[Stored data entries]
····················

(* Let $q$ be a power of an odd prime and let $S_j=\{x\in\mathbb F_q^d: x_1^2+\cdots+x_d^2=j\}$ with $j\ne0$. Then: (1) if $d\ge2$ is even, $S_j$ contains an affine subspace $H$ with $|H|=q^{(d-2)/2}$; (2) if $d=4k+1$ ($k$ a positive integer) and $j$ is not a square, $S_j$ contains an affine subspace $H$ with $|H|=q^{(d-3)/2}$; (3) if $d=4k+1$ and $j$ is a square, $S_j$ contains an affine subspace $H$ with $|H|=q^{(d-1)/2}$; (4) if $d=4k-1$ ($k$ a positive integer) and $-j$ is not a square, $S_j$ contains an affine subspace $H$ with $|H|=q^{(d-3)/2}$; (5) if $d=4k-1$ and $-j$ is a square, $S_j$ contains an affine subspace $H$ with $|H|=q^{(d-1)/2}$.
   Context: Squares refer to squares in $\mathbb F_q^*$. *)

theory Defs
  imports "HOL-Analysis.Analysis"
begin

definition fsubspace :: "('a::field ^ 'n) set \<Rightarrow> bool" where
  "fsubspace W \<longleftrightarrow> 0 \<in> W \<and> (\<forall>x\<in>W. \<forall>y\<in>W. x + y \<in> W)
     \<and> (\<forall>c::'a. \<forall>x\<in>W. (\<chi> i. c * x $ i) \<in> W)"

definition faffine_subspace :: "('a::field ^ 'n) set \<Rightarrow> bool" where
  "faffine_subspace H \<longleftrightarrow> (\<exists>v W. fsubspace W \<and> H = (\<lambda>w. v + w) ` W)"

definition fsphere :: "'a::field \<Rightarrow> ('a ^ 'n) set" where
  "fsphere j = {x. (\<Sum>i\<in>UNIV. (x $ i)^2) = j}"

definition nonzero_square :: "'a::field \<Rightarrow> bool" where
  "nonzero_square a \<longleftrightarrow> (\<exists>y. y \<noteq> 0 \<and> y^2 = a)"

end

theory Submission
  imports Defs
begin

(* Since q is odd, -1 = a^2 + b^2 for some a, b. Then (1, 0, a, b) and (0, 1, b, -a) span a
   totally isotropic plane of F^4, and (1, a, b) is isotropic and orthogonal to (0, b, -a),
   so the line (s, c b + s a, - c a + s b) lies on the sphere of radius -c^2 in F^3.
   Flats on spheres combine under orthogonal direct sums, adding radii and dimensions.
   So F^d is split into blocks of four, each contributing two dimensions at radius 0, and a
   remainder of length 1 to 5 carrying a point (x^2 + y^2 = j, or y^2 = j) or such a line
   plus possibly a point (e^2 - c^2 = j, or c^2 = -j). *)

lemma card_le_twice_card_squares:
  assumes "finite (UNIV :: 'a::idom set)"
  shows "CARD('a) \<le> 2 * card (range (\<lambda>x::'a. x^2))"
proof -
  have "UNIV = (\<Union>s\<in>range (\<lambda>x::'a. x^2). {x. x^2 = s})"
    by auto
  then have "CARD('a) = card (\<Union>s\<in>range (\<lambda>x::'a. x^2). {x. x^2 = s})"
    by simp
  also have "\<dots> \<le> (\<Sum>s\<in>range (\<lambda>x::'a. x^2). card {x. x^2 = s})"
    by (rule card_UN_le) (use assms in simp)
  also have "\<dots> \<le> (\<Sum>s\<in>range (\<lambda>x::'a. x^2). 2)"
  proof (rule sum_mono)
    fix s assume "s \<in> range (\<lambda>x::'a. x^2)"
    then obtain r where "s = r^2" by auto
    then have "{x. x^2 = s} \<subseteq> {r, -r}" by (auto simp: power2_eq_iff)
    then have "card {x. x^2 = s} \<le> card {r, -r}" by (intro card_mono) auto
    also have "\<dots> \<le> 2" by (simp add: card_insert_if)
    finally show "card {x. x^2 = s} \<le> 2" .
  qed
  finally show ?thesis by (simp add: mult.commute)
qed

····················

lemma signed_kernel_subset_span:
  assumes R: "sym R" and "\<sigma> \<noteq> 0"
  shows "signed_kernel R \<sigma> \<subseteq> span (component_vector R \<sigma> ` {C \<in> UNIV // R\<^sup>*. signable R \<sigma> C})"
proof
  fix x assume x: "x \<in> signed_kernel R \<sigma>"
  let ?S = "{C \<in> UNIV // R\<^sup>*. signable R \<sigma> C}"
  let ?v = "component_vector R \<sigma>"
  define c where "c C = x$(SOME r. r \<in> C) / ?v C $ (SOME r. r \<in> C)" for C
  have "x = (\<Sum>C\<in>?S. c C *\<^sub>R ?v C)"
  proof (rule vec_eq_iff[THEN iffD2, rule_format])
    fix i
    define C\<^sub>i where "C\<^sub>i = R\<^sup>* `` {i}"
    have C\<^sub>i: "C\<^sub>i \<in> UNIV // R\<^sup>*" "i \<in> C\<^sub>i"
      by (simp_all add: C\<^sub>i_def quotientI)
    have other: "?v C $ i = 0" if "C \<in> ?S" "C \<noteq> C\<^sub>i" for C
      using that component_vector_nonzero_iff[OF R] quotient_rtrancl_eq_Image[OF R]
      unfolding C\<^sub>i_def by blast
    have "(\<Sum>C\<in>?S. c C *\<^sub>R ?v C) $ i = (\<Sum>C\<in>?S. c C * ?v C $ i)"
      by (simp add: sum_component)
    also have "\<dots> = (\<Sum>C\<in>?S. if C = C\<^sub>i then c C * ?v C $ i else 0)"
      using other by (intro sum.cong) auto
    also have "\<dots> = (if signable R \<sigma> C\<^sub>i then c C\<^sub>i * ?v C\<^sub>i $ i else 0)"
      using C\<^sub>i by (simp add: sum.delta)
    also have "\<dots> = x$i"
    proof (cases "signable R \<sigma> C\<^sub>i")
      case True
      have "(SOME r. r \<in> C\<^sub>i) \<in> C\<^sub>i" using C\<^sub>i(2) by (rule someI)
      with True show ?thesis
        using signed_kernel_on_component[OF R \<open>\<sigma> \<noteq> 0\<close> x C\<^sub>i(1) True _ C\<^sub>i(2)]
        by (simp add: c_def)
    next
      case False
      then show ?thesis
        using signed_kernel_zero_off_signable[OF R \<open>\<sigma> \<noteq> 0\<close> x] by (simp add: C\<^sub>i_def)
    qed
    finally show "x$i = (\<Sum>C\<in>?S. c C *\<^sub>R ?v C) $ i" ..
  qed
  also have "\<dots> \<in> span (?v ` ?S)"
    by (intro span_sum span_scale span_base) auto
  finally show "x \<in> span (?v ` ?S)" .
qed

····················

▶ [Problem] Only lines with the word "proof" are wanted. Find and copy them from the records above.

▶ [Output of the task]
proof -
  proof (rule sum_mono)
proof
  proof (rule vec_eq_iff[THEN iffD2, rule_format])
    proof (cases "signable R \<sigma> C\<^sub>i")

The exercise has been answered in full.